From Barcelona to Arizona: Content at MWC
Mobile video traffic is forecast to grow by around 50% annually through to 2022, when it will account for nearly three quarters of all mobile data traffic. It was of little surprise then that MWC 2017 welcomed Netflix CEO Reed Hastings, who gave a keynote speech at the show.
The Netflix experience is now available across the world, and is accessible in 130 countries. Other content providers too are expanding their reach – Amazon Prime is available in over 200 countries, and YouTube has a equally global audience. The mobile TV experience is now even better than ever, due in part to advances in smartphone screen technology. On Monday for instance, Sony launched its new Xperia XZ Premium handset here at MWC, which features the world’s first 4K HDR screen.
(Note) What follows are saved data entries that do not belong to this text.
lemma linear_eq_inner_axis:
  fixes L :: "real^'n \<Rightarrow> real"
  assumes "linear L"
  shows "L v = (\<chi> i. L (axis i 1)) \<bullet> v"
proof -
  have "L v = L (\<Sum>i\<in>UNIV. v $ i *\<^sub>R axis i 1)"
    using basis_expansion[of v] by (simp add: scalar_mult_eq_scaleR)
  also have "\<dots> = (\<Sum>i\<in>UNIV. v $ i * L (axis i 1))"
    using assms by (simp add: linear_sum linear_scale)
  also have "\<dots> = (\<chi> i. L (axis i 1)) \<bullet> v"
    by (simp add: inner_vec_def mult.commute)
  finally show ?thesis .
qed

lemma frechet_derivative_eq_inner_pgrad:
  assumes "f differentiable (at x)"
  shows "frechet_derivative f (at x) v = pgrad f x \<bullet> v"
proof -
  have "linear (frechet_derivative f (at x))"
    using assms frechet_derivative_works has_derivative_linear by blast
  then show ?thesis
    unfolding pgrad_def pdiff_def by (rule linear_eq_inner_axis)
qed

lemma pgrad_comp:
  fixes \<Phi> :: "real^'n \<Rightarrow> real^'m"
  assumes \<Phi>: "(\<Phi> has_derivative (\<lambda>h. D *v h)) (at x)"
    and f: "f differentiable (at (\<Phi> x))"
  shows "pgrad (f \<circ> \<Phi>) x = transpose D *v pgrad f (\<Phi> x)"
proof -
  have "((f \<circ> \<Phi>) has_derivative (\<lambda>h. pgrad f (\<Phi> x) \<bullet> (D *v h))) (at x)"
    using diff_chain_at[OF \<Phi> f[unfolded frechet_derivative_works]]
    by (simp add: o_def frechet_derivative_eq_inner_pgrad[OF f])
  then have "pdiff (f \<circ> \<Phi>) x k = (pgrad f (\<Phi> x) v* D) \<bullet> axis k 1" for k
    by (simp add: pdiff_def frechet_derivative_at[symmetric] dot_lmul_matrix)
  then show ?thesis
    by (simp add: vec_eq_iff pgrad_def inner_axis)
qed
definition walk_code :: "(nat \<times> ('g::finite) \<times> 'g) multiset \<Rightarrow> nat" where
  "walk_code M = (\<Prod>e\<in>#M. edge_code e)"

lemma prime_edge_code: "prime (edge_code e)"
  using enumerate_in_set[OF primes_infinite] by (simp add: edge_code_def)

lemma inj_edge_code: "inj (edge_code :: nat \<times> ('g::finite) \<times> 'g \<Rightarrow> nat)"
proof -
  have "countable (UNIV :: (nat \<times> 'g \<times> 'g) set)"
    using countable_finite[of "UNIV :: ('g \<times> 'g) set"] by simp
  then have "inj (to_nat_on (UNIV :: (nat \<times> 'g \<times> 'g) set))"
    by (rule inj_on_to_nat_on)
  then show ?thesis
    unfolding edge_code_def using inj_compose[OF inj_enumerate[OF primes_infinite]]
    by (simp add: comp_def)
qed

lemma inj_walk_code: "inj (walk_code :: (nat \<times> ('g::finite) \<times> 'g) multiset \<Rightarrow> nat)"
proof
  fix M N :: "(nat \<times> 'g \<times> 'g) multiset"
  assume "walk_code M = walk_code N"
  moreover have "prime_factorization (walk_code M) = image_mset edge_code M" for M
    unfolding walk_code_def
    by (rule prime_factorization_prod_mset_primes) (auto simp: prime_edge_code)
  ultimately have "image_mset edge_code M = image_mset edge_code N"
    by metis
  then show "M = N"
    using image_mset_eq_image_mset_plusD[of edge_code M N "{#}"]
      inj_on_subset[OF inj_edge_code subset_UNIV] by auto
qed
(* one-step reduction ->_v: beta_v, sigma_1, sigma_3 and contextual closure.
   The side conditions x \<notin> FV(P), x \<notin> FV(V) are realised by
   the lifting of P resp. V under the new binder. *)
inductive red :: "trm \<Rightarrow> trm \<Rightarrow> bool" where
  beta_v: "is_value V \<Longrightarrow> red (App (Lam M) V) (subst M 0 V)"
| sigma1: "red (App (App (Lam M) N) P) (App (Lam (App M (lift 0 P))) N)"
| sigma3: "is_value V \<Longrightarrow> red (App V (App (Lam M) N)) (App (Lam (App (lift 0 V) M)) N)"
| ctx_lam: "red M M' \<Longrightarrow> red (Lam M) (Lam M')"
| ctx_appl: "red M M' \<Longrightarrow> red (App M N) (App M' N)"
| ctx_appr: "red N N' \<Longrightarrow> red (App M N) (App M N')"

definition reds :: "trm \<Rightarrow> trm \<Rightarrow> bool" where
  "reds = red\<^sup>*\<^sup>*"

definition conv :: "trm \<Rightarrow> trm \<Rightarrow> bool" where
  "conv = (\<lambda>a b. no_bot a \<and> no_bot b \<and> (red a b \<or> red b a))\<^sup>*\<^sup>*"

inductive below :: "trm \<Rightarrow> trm \<Rightarrow> bool" where
  bot_var: "below Bot (Var x)"
| bot_lam: "below Bot (Lam M)"
| refl: "below M M"
| trans: "below M N \<Longrightarrow> below N P \<Longrightarrow> below M P"
| lam: "below M M' \<Longrightarrow> below (Lam M) (Lam M')"
| app: "below M M' \<Longrightarrow> below N N' \<Longrightarrow> below (App M N) (App M' N')"

inductive isA and isB and isHB where
  A_B: "isB t \<Longrightarrow> isA t"
| A_C: "isA A \<Longrightarrow> isHB T \<Longrightarrow> isA (App (Lam A) T)"
| B_var: "isB (Var x)"
| B_lam: "isA A \<Longrightarrow> isB (Lam A)"
| B_bot: "isB Bot"
| B_HB: "isHB T \<Longrightarrow> isB T"
| HB_base: "isB B \<Longrightarrow> isHB (App (Var x) B)"
| HB_app: "isHB T \<Longrightarrow> isA A \<Longrightarrow> isHB (App T A)"

definition approx :: "trm \<Rightarrow> trm set" where
  "approx M = {A. isA A \<and> (\<exists>N. no_bot N \<and> reds M N \<and> below A N)}"

end
text \<open>Summation by parts.\<close>
lemma weighted_sum_le_if_drift:
  fixes q v a :: "nat \<Rightarrow> ennreal" and c K :: ennreal
  assumes mono: "\<And>n. q (Suc n) \<le> q n"
    and drift: "\<And>n. v (Suc n) + c * a n \<le> v n + K"
    and v0: "v 0 = 0"
  shows "(\<Sum>n<m. q n * (c * a n)) + q m * v m \<le> K * (\<Sum>n<m. q n)"
proof (induction m)
  case (Suc m)
  have "(\<Sum>n<Suc m. q n * (c * a n)) + q (Suc m) * v (Suc m)
      \<le> (\<Sum>n<m. q n * (c * a n)) + q m * (v (Suc m) + c * a m)"
    by (simp add: distrib_left add_ac mult_right_mono mono)
  also have "\<dots> \<le> (\<Sum>n<m. q n * (c * a n)) + q m * (v m + K)"
    by (intro add_left_mono mult_left_mono drift) simp
  also have "\<dots> = ((\<Sum>n<m. q n * (c * a n)) + q m * v m) + q m * K"
    by (simp add: distrib_left add.assoc)
  also have "\<dots> \<le> K * (\<Sum>n<m. q n) + q m * K"
    by (intro add_right_mono Suc.IH)
  finally show ?case by (simp add: distrib_left mult.commute)
qed (simp add: v0)

lemma weighted_suminf_le_if_drift:
  fixes q v a :: "nat \<Rightarrow> ennreal" and c K :: ennreal
  assumes "\<And>n. q (Suc n) \<le> q n" "\<And>n. v (Suc n) + c * a n \<le> v n + K" "v 0 = 0"
  shows "c * (\<Sum>n. q n * a n) \<le> K * (\<Sum>n. q n)"
proof -
  have "(\<Sum>n<m. q n * (c * a n)) \<le> K * (\<Sum>n. q n)" for m
  proof -
    have "(\<Sum>n<m. q n * (c * a n)) \<le> (\<Sum>n<m. q n * (c * a n)) + q m * v m" by simp
    also have "\<dots> \<le> K * (\<Sum>n<m. q n)" by (rule weighted_sum_le_if_drift[where q = q and v = v and a = a, OF assms])
    also have "\<dots> \<le> K * (\<Sum>n. q n)" by (intro mult_left_mono sum_le_suminf) auto
    finally show ?thesis .
  qed
  then have "(\<Sum>n. q n * (c * a n)) \<le> K * (\<Sum>n. q n)"
    unfolding suminf_eq_SUP by (intro SUP_least)
  then show ?thesis by (simp add: mult.left_commute)
qed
Mobile content is big business, and MWC is attracting a growing number of content producers. During a quick dash around the stands I was able to visit the likes of FashionTV, SPB TV, NBA, and Discovery, as well as spying countless companies which support and profit from the mobile broadcast industry. These include experts in content management, mobile advertising, audience data analytics and video platform development.
The mobile content experience can now also be immersive, thanks to advances in virtual reality. VR launches at MWC this year included the Samsung Gear VR and OPTO Air headsets. The tech is impressive, but the VR isn’t just about high-end gadgets; the huge variety of content available to download and low-cost headsets for the cost-conscious user make the virtual reality experience accessible to all.
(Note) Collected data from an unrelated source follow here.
lemma linear_ode_norm_bound_log_weight_gen:
  fixes D a b :: "real \<Rightarrow> complex" and H h :: "real \<Rightarrow> real"
  assumes u: "0 \<le> u" "u \<le> T'" and c: "0 < c" and K: "0 \<le> K"
  and dD: "\<And>r. r \<in> {0..u} \<Longrightarrow> (D has_vector_derivative (a r * D r + b r)) (at r within {0..u})"
  and ca: "continuous_on {0..u} a"
  and ra: "\<And>r. r \<in> {0..u} \<Longrightarrow> Re (a r) \<le> K - \<kappa> / (r + c)"
  and dH: "\<And>r. r \<in> {0..u} \<Longrightarrow> (H has_real_derivative h r) (at r within {0..u})"
  and hb: "\<And>r. r \<in> {0..u} \<Longrightarrow> exp (K * T') * ((r + c) powr \<kappa> / (u + c) powr \<kappa>) * cmod (b r) \<le> h r"
  and \<kappa>: "0 < \<kappa>"
  shows "cmod (D u) \<le> exp (K * T') * cmod (D 0) + (H u - H 0)"
proof -
  define \<rho> where "\<rho> r = K * r - \<kappa> * ln (r + c)" for r
  have exp_\<rho>: "exp (\<rho> u - \<rho> r) \<le> exp (K * T') * ((r + c) powr \<kappa> / (u + c) powr \<kappa>)" if "r \<in> {0..u}" for r
  proof -
    have rc: "0 < r + c" "0 < u + c" using that c by auto
    have "exp (\<rho> u - \<rho> r) = exp (K * (u - r)) * ((r + c) powr \<kappa> / (u + c) powr \<kappa>)"
      using rc by (simp add: \<rho>_def powr_def exp_diff[symmetric] exp_add[symmetric] algebra_simps)
    also have "\<dots> \<le> exp (K * T') * ((r + c) powr \<kappa> / (u + c) powr \<kappa>)"
      using that u K by (intro mult_right_mono) (auto intro!: mult_left_mono)
    finally show ?thesis .
  qed
  have "cmod (D u) \<le> exp (\<rho> u - \<rho> 0) * cmod (D 0) + (H u - H 0)"
  proof (rule linear_ode_norm_bound[OF u(1) dD ca _ ra dH])
    fix r assume r: "r \<in> {0..u}"
    show "(\<rho> has_real_derivative (K - \<kappa> / (r + c))) (at r within {0..u})"
      unfolding \<rho>_def using r c by (auto intro!: derivative_eq_intros simp: field_simps)
    show "exp (\<rho> u - \<rho> r) * cmod (b r) \<le> h r"
      using exp_\<rho>[OF r] hb[OF r] by (meson mult_right_mono norm_ge_zero order_trans)
  qed
  moreover have "exp (\<rho> u - \<rho> 0) \<le> exp (K * T')"
  proof -
    have "exp (\<rho> u - \<rho> 0) \<le> exp (K * T') * ((0 + c) powr \<kappa> / (u + c) powr \<kappa>)"
      using exp_\<rho>[of 0] u by simp
    also have "\<dots> \<le> exp (K * T') * 1" using u c \<kappa> by (intro mult_left_mono) (auto simp: powr_mono2)
    finally show ?thesis by simp
  qed
  then have "exp (\<rho> u - \<rho> 0) * cmod (D 0) \<le> exp (K * T') * cmod (D 0)"
    by (rule mult_right_mono) simp
  ultimately show ?thesis by simp
qed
I visited Discovery’s stand to try out its VR app, and was instantly whisked half way around the world and deposited precariously on the ledge of the Grand Canyon in Arizona. The video follows a man’s leap into one of the world’s deepest gorges, and the 360-degree visuals, vibrant images and accompanying audio make for an exhilarating – and slightly nauseating – experience.
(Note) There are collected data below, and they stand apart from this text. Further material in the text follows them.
lemma finite_V1: "finite V1" and finite_V2: "finite V2"
  using H1_simple H2_simple unfolding simple_graph_def by auto

lemma finite_GV: "finite GV"
  unfolding GV_def using finite_V1 finite_V2 by auto

lemma GV_nonempty: "GV \<noteq> {}"
  unfolding GV_def using w_in_V1 by auto

lemma V1_sub_GV: "V1 \<subseteq> GV" and V2_sub_GV: "V2 \<subseteq> GV"
  unfolding GV_def by auto

lemma w_in_GV: "w \<in> GV" and v_in_GV: "v \<in> GV"
  using w_in_V1 v_in_V2 V1_sub_GV V2_sub_GV by auto

lemma w_v_distinct: "w \<noteq> v" "w \<notin> V2" "v \<notin> V1"
  using disjoint w_in_V1 v_in_V2 by auto

lemma u_mem:
  assumes "1 \<le> i" "i \<le> l"
  shows "u i \<notin> V1" "u i \<notin> V2" "u i \<in> GV"
proof -
  have "u i \<in> u ` {1..l}" using assms by auto
  then show "u i \<notin> V1" "u i \<notin> V2" "u i \<in> GV" using u_fresh unfolding GV_def by blast+
qed

lemma u_eq_iff: "i \<in> {1..l} \<Longrightarrow> j \<in> {1..l} \<Longrightarrow> u i = u j \<longleftrightarrow> i = j"
  using inj_on_eq_iff[OF u_inj] by auto

lemma GV_cases:
  assumes "x \<in> GV"
  obtains "x \<in> V1" | "x \<in> V2" | i where "1 \<le> i" "i \<le> l" "x = u i"
  using assms unfolding GV_def by auto

lemma E1_edge: "{a, b} \<in> E1 \<Longrightarrow> a \<in> V1 \<and> b \<in> V1 \<and> a \<noteq> b"
  using simple_graph_edge[OF H1_simple] .

lemma E2_edge: "{a, b} \<in> E2 \<Longrightarrow> a \<in> V2 \<and> b \<in> V2 \<and> a \<noteq> b"
  using simple_graph_edge[OF H2_simple] .

lemma N_sub: "N \<subseteq> V2 - {v}"
  unfolding N_def nbrs_def using E2_edge by auto

lemma finite_N: "finite N"
  using finite_subset[OF N_sub] finite_V2 by blast

lemma card_N_pos: "0 < card N"
proof -
  obtain y where "{v, y} \<in> E2"
    using connected_graph_ex_neighbour[OF H2_simple H2_connected H2_card v_in_V2] by blast
  then have "y \<in> N" unfolding N_def nbrs_def by simp
  then show ?thesis using finite_N card_gt_0_iff by blast
qed

lemma GE_cases:
  assumes "{a, b} \<in> GE"
  obtains "{a, b} \<in> E1" | "{a, b} \<in> E2" | "{a, b} = {w, v}" | "{a, b} = {v, u 1}"
    | i where "1 \<le> i" "i < l" "{a, b} = {u i, u (Suc i)}"
  using assms unfolding GE_def by blast

lemma E1_sub_GE: "E1 \<subseteq> GE" and E2_sub_GE: "E2 \<subseteq> GE"
  and wv_in_GE: "{w, v} \<in> GE" and vu_in_GE: "{v, u 1} \<in> GE"
  and uu_in_GE: "1 \<le> i \<Longrightarrow> i < l \<Longrightarrow> {u i, u (Suc i)} \<in> GE"
  unfolding GE_def by blast+

lemma GE'_if_not_at_v: "e \<in> GE \<Longrightarrow> v \<notin> e \<Longrightarrow> e \<in> GE'"
  unfolding GE'_def by auto

lemma E1_sub_GE': "E1 \<subseteq> GE'"
proof
  fix e assume "e \<in> E1"
  moreover then obtain a b where "e = {a, b}" using H1_simple unfolding simple_graph_def by blast
  ultimately show "e \<in> GE'" using GE'_if_not_at_v E1_sub_GE E1_edge w_v_distinct by blast
qed

lemma wv_in_GE': "{w, v} \<in> GE'"
  unfolding GE'_def using wv_in_GE N_sub w_v_distinct by (auto simp: doubleton_eq_iff)

lemma vu_in_GE': "{v, u 1} \<in> GE'"
  unfolding GE'_def using vu_in_GE N_sub u_mem[of 1] l_pos by (auto simp: doubleton_eq_iff)

lemma uu_in_GE': "1 \<le> i \<Longrightarrow> i < l \<Longrightarrow> {u i, u (Suc i)} \<in> GE'"
  using GE'_if_not_at_v[OF uu_in_GE] u_mem[of i] u_mem[of "Suc i"] v_in_V2 by auto

lemma wN_in_GE': "x \<in> N \<Longrightarrow> {w, x} \<in> GE'"
  unfolding GE'_def by auto

lemma GE_sub: "e \<in> GE \<Longrightarrow> e \<subseteq> GV"
  unfolding GE_def GV_def using H1_simple H2_simple w_in_V1 v_in_V2 l_pos
  unfolding simple_graph_def by fastforce

lemma GE'_sub: "e \<in> GE' \<Longrightarrow> e \<subseteq> GV"
  unfolding GE'_def using GE_sub N_sub w_in_GV V2_sub_GV by auto

lemma reach_within_path:
  assumes "{v, u 1} \<in> F" "\<And>i. 1 \<le> i \<Longrightarrow> i < l \<Longrightarrow> {u i, u (Suc i)} \<in> F"
  shows "1 \<le> i \<Longrightarrow> i \<le> l \<Longrightarrow> reach_within GV F v (u i) i"
proof (induction i)
  case (Suc i)
  show ?case
  proof (cases "i = 0")
    case True
    then show ?thesis using reach_within_edge[OF assms(1)] v_in_GV u_mem[of 1] l_pos by auto
  next
    case False
    then have "reach_within GV F (u i) (u (Suc i)) 1"
      using reach_within_edge[OF assms(2)] u_mem[of i] u_mem[of "Suc i"] Suc.prems by auto
    then show ?thesis using reach_within_trans Suc False by fastforce
  qed
qed simp

lemma reach_within_path_G: "1 \<le> i \<Longrightarrow> i \<le> l \<Longrightarrow> reach_within GV GE v (u i) i"
  using reach_within_path[OF vu_in_GE uu_in_GE] by blast

lemma reach_within_path_G': "1 \<le> i \<Longrightarrow> i \<le> l \<Longrightarrow> reach_within GV GE' v (u i) i"
  using reach_within_path[OF vu_in_GE' uu_in_GE'] by blast

lemma reach_within_H1_G: "reach_within V1 E1 a b n \<Longrightarrow> reach_within GV GE a b n"
  by (rule reach_within_subgraph[OF _ V1_sub_GV E1_sub_GE])

lemma reach_within_H1_G': "reach_within V1 E1 a b n \<Longrightarrow> reach_within GV GE' a b n"
  by (rule reach_within_subgraph[OF _ V1_sub_GV E1_sub_GE'])

lemma reach_within_H2_G: "reach_within V2 E2 a b n \<Longrightarrow> reach_within GV GE a b n"
  by (rule reach_within_subgraph[OF _ V2_sub_GV E2_sub_GE])

lemma reach_within_H2_G':
  assumes "reach_within V2 E2 a b n"
  shows "reach_within GV GE' (if a = v then w else a) (if b = v then w else b) n"
proof (rule reach_within_map[OF assms])
  fix a b assume ab: "{a, b} \<in> E2" "a \<in> V2" "b \<in> V2"
  then have "a \<in> N" if "b = v" using that unfolding N_def nbrs_def by (simp add: insert_commute)
  moreover have "b \<in> N" if "a = v" using ab that unfolding N_def nbrs_def by simp
  ultimately show "{if a = v then w else a, if b = v then w else b} \<in> GE'"
    using wN_in_GE' GE'_if_not_at_v E2_sub_GE ab E2_edge[OF ab(1)]
    by (auto simp: insert_commute)
qed (use V2_sub_GV w_in_GV in auto)

lemma reach_within_dist_H1: "a \<in> V1 \<Longrightarrow> b \<in> V1 \<Longrightarrow> reach_within V1 E1 a b (dist V1 E1 a b)"
  by (rule reach_within_dist[OF reachable_if_connected[OF H1_connected]])

lemma reach_within_dist_H2: "a \<in> V2 \<Longrightarrow> b \<in> V2 \<Longrightarrow> reach_within V2 E2 a b (dist V2 E2 a b)"
  by (rule reach_within_dist[OF reachable_if_connected[OF H2_connected]])

lemma reachable_G_w:
  assumes "x \<in> GV"
  shows "reachable GV GE x w"
proof -
  have vw: "reach_within GV GE v w 1"
    using reach_within_sym[OF reach_within_edge[OF wv_in_GE w_in_GV v_in_GV]] .
  from assms show ?thesis
  proof (cases rule: GV_cases)
    case 1
    then show ?thesis by (rule reachable_if_reach_within[OF reach_within_H1_G[OF reach_within_dist_H1[OF _ w_in_V1]]])
  next
    case 2
    then show ?thesis
      by (rule reachable_if_reach_within[OF reach_within_trans[OF reach_within_H2_G[OF reach_within_dist_H2[OF _ v_in_V2]] vw]])
  next
    case (3 i)
    then show ?thesis
      using reachable_if_reach_within[OF reach_within_trans[OF reach_within_sym[OF reach_within_path_G] vw]]
      by simp
  qed
qed

lemma G_connected: "connected_graph GV GE"
  using reachable_trans[OF reachable_G_w reachable_sym[OF reachable_G_w]]
  by (intro connected_graph_if_reachable[OF GV_nonempty]) blast

lemma dist_G_sym: "x \<in> GV \<Longrightarrow> z \<in> GV \<Longrightarrow> dist GV GE x z = dist GV GE z x"
  by (rule dist_sym[OF reachable_if_connected[OF G_connected]])

subsection \<open>Lower bounds for eccentricities in \<open>G\<close>\<close>

lemma D1_w: "D1 w = 0" and D2_v: "D2 v = 0"
  unfolding D1_def D2_def using w_in_V1 v_in_V2 by (simp_all add: dist_self)

lemma D1_le_k: "z \<in> V1 \<Longrightarrow> D1 z \<le> k"
  unfolding D1_def k_def using dist_le_ecc[OF finite_V1] .

lemma D2_le_m: "z \<in> V2 \<Longrightarrow> D2 z \<le> m"
  unfolding D2_def m_def using dist_le_ecc[OF finite_V2] .

lemma far_in_H1:
  obtains z where "z \<in> V1" "D1 z = k"
  using ecc_attained[OF finite_V1] w_in_V1 unfolding D1_def k_def by blast

lemma far_in_H2:
  obtains z where "z \<in> V2" "D2 z = m"
  using ecc_attained[OF finite_V2] v_in_V2 unfolding D2_def m_def by blast

lemma D1_edge_le: "{a, b} \<in> E1 \<Longrightarrow> D1 b \<le> D1 a + 1"
  unfolding D1_def using E1_edge
  by (intro dist_edge_le reachable_if_connected[OF H1_connected w_in_V1]) auto

lemma D2_edge_le: "{a, b} \<in> E2 \<Longrightarrow> D2 b \<le> D2 a + 1"
  unfolding D2_def using E2_edge
  by (intro dist_edge_le reachable_if_connected[OF H2_connected v_in_V2]) auto

lemma lipschitz_on_GE:
  fixes \<phi> :: "'a \<Rightarrow> int"
  assumes "\<And>a b. {a, b} \<in> E1 \<Longrightarrow> \<phi> b \<le> \<phi> a + 1"
    and "\<And>a b. {a, b} \<in> E2 \<Longrightarrow> \<phi> b \<le> \<phi> a + 1"
    and "\<bar>\<phi> w - \<phi> v\<bar> \<le> 1" "\<bar>\<phi> v - \<phi> (u 1)\<bar> \<le> 1"
    and "\<And>i. 1 \<le> i \<Longrightarrow> i < l \<Longrightarrow> \<bar>\<phi> (u i) - \<phi> (u (Suc i))\<bar> \<le> 1"
    and "{a, b} \<in> GE"
  shows "\<phi> b \<le> \<phi> a + 1"
  using assms(6)
proof (cases rule: GE_cases)
  case (5 i)
  then show ?thesis using assms(5)[OF 5(1,2)] by (auto simp: doubleton_eq_iff)
qed (use assms(1-4) in \<open>auto simp: doubleton_eq_iff\<close>)

definition "path_index t = inv_into {1..l} u t"

lemma path_index_u: "1 \<le> i \<Longrightarrow> i \<le> l \<Longrightarrow> path_index (u i) = i"
  unfolding path_index_def using u_inj by (auto intro: inv_into_f_f)

text \<open>\<open>pot_w\<close> grows by one per step away from \<open>H1\<close> across the edge \<open>wv\<close>, and
  \<open>pot_v\<close> by one per step away from the pendant path across the edge \<open>vu\<^sub>1\<close>.\<close>

definition "pot_w t =
  (if t \<in> V1 then - int (D1 t) else if t \<in> V2 then 1 + int (D2 t) else 1 + int (path_index t))"

definition "pot_v t =
  (if t \<in> V2 then int (D2 t) else if t \<in> V1 then 1 + int (D1 t) else - int (path_index t))"

lemma pot_w_le_dist:
  assumes "x \<in> GV" "z \<in> GV"
  shows "pot_w z - pot_w x \<le> int (dist GV GE x z)"
proof (rule dist_ge_potential[OF reachable_if_connected[OF G_connected assms]])
  fix a b assume "{a, b} \<in> GE"
  then show "pot_w b \<le> pot_w a + 1"
  proof (rule lipschitz_on_GE[rotated 5])
    fix a b assume "{a, b} \<in> E1"
    then show "pot_w b \<le> pot_w a + 1"
      using D1_edge_le[of b a] E1_edge[of a b] unfolding pot_w_def by (simp add: insert_commute)
  next
    fix a b assume "{a, b} \<in> E2"
    then show "pot_w b \<le> pot_w a + 1"
      using D2_edge_le[of a b] E2_edge[of a b] disjoint unfolding pot_w_def by auto
  next
    fix i assume "1 \<le> i" "i < l"
    then show "\<bar>pot_w (u i) - pot_w (u (Suc i))\<bar> \<le> 1"
      using u_mem[of i] u_mem[of "Suc i"] path_index_u[of i] path_index_u[of "Suc i"]
      unfolding pot_w_def by simp
  qed (use w_in_V1 v_in_V2 w_v_distinct D1_w D2_v u_mem[of 1] l_pos path_index_u[of 1]
      in \<open>simp_all add: pot_w_def\<close>)
qed

lemma pot_v_le_dist:
  assumes "x \<in> GV" "z \<in> GV"
  shows "pot_v z - pot_v x \<le> int (dist GV GE x z)"
proof (rule dist_ge_potential[OF reachable_if_connected[OF G_connected assms]])
  fix a b assume "{a, b} \<in> GE"
  then show "pot_v b \<le> pot_v a + 1"
  proof (rule lipschitz_on_GE[rotated 5])
    fix a b assume "{a, b} \<in> E1"
    then show "pot_v b \<le> pot_v a + 1"
      using D1_edge_le[of a b] E1_edge[of a b] disjoint unfolding pot_v_def by auto
  next
    fix a b assume "{a, b} \<in> E2"
    then show "pot_v b \<le> pot_v a + 1"
      using D2_edge_le[of a b] E2_edge[of a b] unfolding pot_v_def by simp
  next
    fix i assume "1 \<le> i" "i < l"
    then show "\<bar>pot_v (u i) - pot_v (u (Suc i))\<bar> \<le> 1"
      using u_mem[of i] u_mem[of "Suc i"] path_index_u[of i] path_index_u[of "Suc i"]
      unfolding pot_v_def by simp
  qed (use w_in_V1 v_in_V2 w_v_distinct D1_w D2_v u_mem[of 1] l_pos path_index_u[of 1]
      in \<open>simp_all add: pot_v_def\<close>)
qed

lemma GE_edge_at_V1:
  assumes "{a, b} \<in> GE" "a \<in> V1"
  shows "b \<in> V1 \<and> {a, b} \<in> E1 \<or> a = w \<and> b = v"
  using assms(1)
proof (cases rule: GE_cases)
  case 1
  then show ?thesis using E1_edge by blast
next
  case 2
  then show ?thesis using E2_edge assms(2) disjoint by blast
next
  case 3
  then show ?thesis using assms(2) w_v_distinct by (auto simp: doubleton_eq_iff)
next
  case 4
  then show ?thesis using assms(2) w_v_distinct u_mem[of 1] l_pos by (auto simp: doubleton_eq_iff)
next
  case (5 i)
  then show ?thesis using assms(2) u_mem[of i] u_mem[of "Suc i"] by (auto simp: doubleton_eq_iff)
qed

lemma GE_edge_at_V2:
  assumes "{a, b} \<in> GE" "a \<in> V2"
  shows "b \<in> V2 \<and> {a, b} \<in> E2 \<or> a = v \<and> (b = w \<or> b = u 1)"
  using assms(1)
proof (cases rule: GE_cases)
  case 1
  then show ?thesis using E1_edge assms(2) disjoint by blast
next
  case 2
  then show ?thesis using E2_edge by blast
next
  case 3
  then show ?thesis using assms(2) w_v_distinct by (auto simp: doubleton_eq_iff)
next
  case 4
  then show ?thesis using assms(2) u_mem[of 1] l_pos by (auto simp: doubleton_eq_iff)
next
  case (5 i)
  then show ?thesis using assms(2) u_mem[of i] u_mem[of "Suc i"] by (auto simp: doubleton_eq_iff)
qed

lemma ecc_H1_le_ecc_G: "x \<in> V1 \<Longrightarrow> ecc V1 E1 x \<le> ecc GV GE x"
  using GE_edge_at_V1 w_v_distinct
  by (intro ecc_attached_subgraph_le[OF finite_GV G_connected V1_sub_GV H1_connected _ w_in_V1])
     blast+

lemma ecc_H2_le_ecc_G: "x \<in> V2 \<Longrightarrow> ecc V2 E2 x \<le> ecc GV GE x"
  using GE_edge_at_V2 w_v_distinct u_mem[of 1] l_pos
  by (intro ecc_attached_subgraph_le[OF finite_GV G_connected V2_sub_GV H2_connected _ v_in_V2])
     blast+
VR for the consumer was a major theme at the show this year, but Adobe was showing how the tech can also be used for business. The company was demoing its prototype project, which involves viewing 2D adverts theatre-style, with additional product information available around the content, and social media functionality.
Whether you’re a TV addict wanting to binge-watch shows on the go, or are looking for something more thrilling, the demos and products on show at MWC really prove the power and potential of mobile content today and beyond.